Work order = For the entries below, say how many lines include the word "intro" and add nothing else.

== Provided entries ==

lemma mem_set_add_ideal_iff:
  assumes "B \<subseteq> carrier A"
  shows "x \<in> B <+> Z \<longleftrightarrow> x \<in> carrier A \<and> (\<exists>b\<in>B. Z +> x = Z +> b)"
proof
  assume "x \<in> B <+> Z"
  then obtain b z where bz: "b \<in> B" "z \<in> Z" and x: "x = b \<oplus> z"
    unfolding set_add_def' by blast
  have "b \<in> carrier A" using bz assms by auto
  then have "x \<in> carrier A" "Z +> x = Z +> b"
    using bz x ideal_carrier by (simp_all add: rcos_add_mem)
  then show "x \<in> carrier A \<and> (\<exists>b\<in>B. Z +> x = Z +> b)"
    using bz by blast
next
  assume "x \<in> carrier A \<and> (\<exists>b\<in>B. Z +> x = Z +> b)"
  then obtain b z where "b \<in> B" "z \<in> Z" "x = b \<oplus> z"
    using assms rcos_eq_iff by blast
  then show "x \<in> B <+> Z"
    unfolding set_add_def' by blast
qed

lemma mem_set_add_idealI:
  "B \<subseteq> carrier A \<Longrightarrow> x \<in> carrier A \<Longrightarrow> b \<in> B \<Longrightarrow> Z +> x = Z +> b \<Longrightarrow> x \<in> B <+> Z"
  using mem_set_add_ideal_iff by blast

lemma subbrace_set_add:
  assumes B: "subbrace A B"
  shows "subbrace A (B <+> Z)"
proof (rule subbraceI)
  have BC: "B \<subseteq> carrier A" using subbrace_carrier[OF B] .
  note mem = mem_set_add_ideal_iff[OF BC]
  note memI = mem_set_add_idealI[OF BC]
  show "B <+> Z \<subseteq> carrier A" using mem by blast
  show "\<zero> \<in> B <+> Z" using memI subbrace_zero[OF B] by blast
  fix x y assume "x \<in> B <+> Z" "y \<in> B <+> Z"
  then obtain b b' where xy: "x \<in> carrier A" "y \<in> carrier A" and b: "b \<in> B" "b' \<in> B"
    and rcos: "Z +> x = Z +> b" "Z +> y = Z +> b'"
    using mem by blast
  have bC: "b \<in> carrier A" "b' \<in> carrier A" using b BC by auto
  have "Z +> (x \<oplus> y) = Z +> (b \<oplus> b')"
    using xy bC rcos by (simp add: a_rcos_sum[symmetric])
  then show "x \<oplus> y \<in> B <+> Z"
    using xy b subbrace_add[OF B] by (intro memI) auto
  show "x \<otimes> y \<in> B <+> Z"
    using xy b rcos_mult[OF xy(1) bC(1) xy(2) bC(2) rcos] subbrace_mult[OF B] by (intro memI) auto
  have "Z +> (\<ominus> x) = Z +> (\<ominus> b)"
    using xy bC rcos by (simp add: a_rcos_inv[symmetric])
  then show "\<ominus> x \<in> B <+> Z"
    using xy b subbrace_a_inv[OF B] by (intro memI) auto
  show "inv x \<in> B <+> Z"
    using xy b rcos_inv[OF xy(1) bC(1) rcos(1)] subbrace_inv[OF B] by (intro memI) auto
qed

===

Solution for this task = 4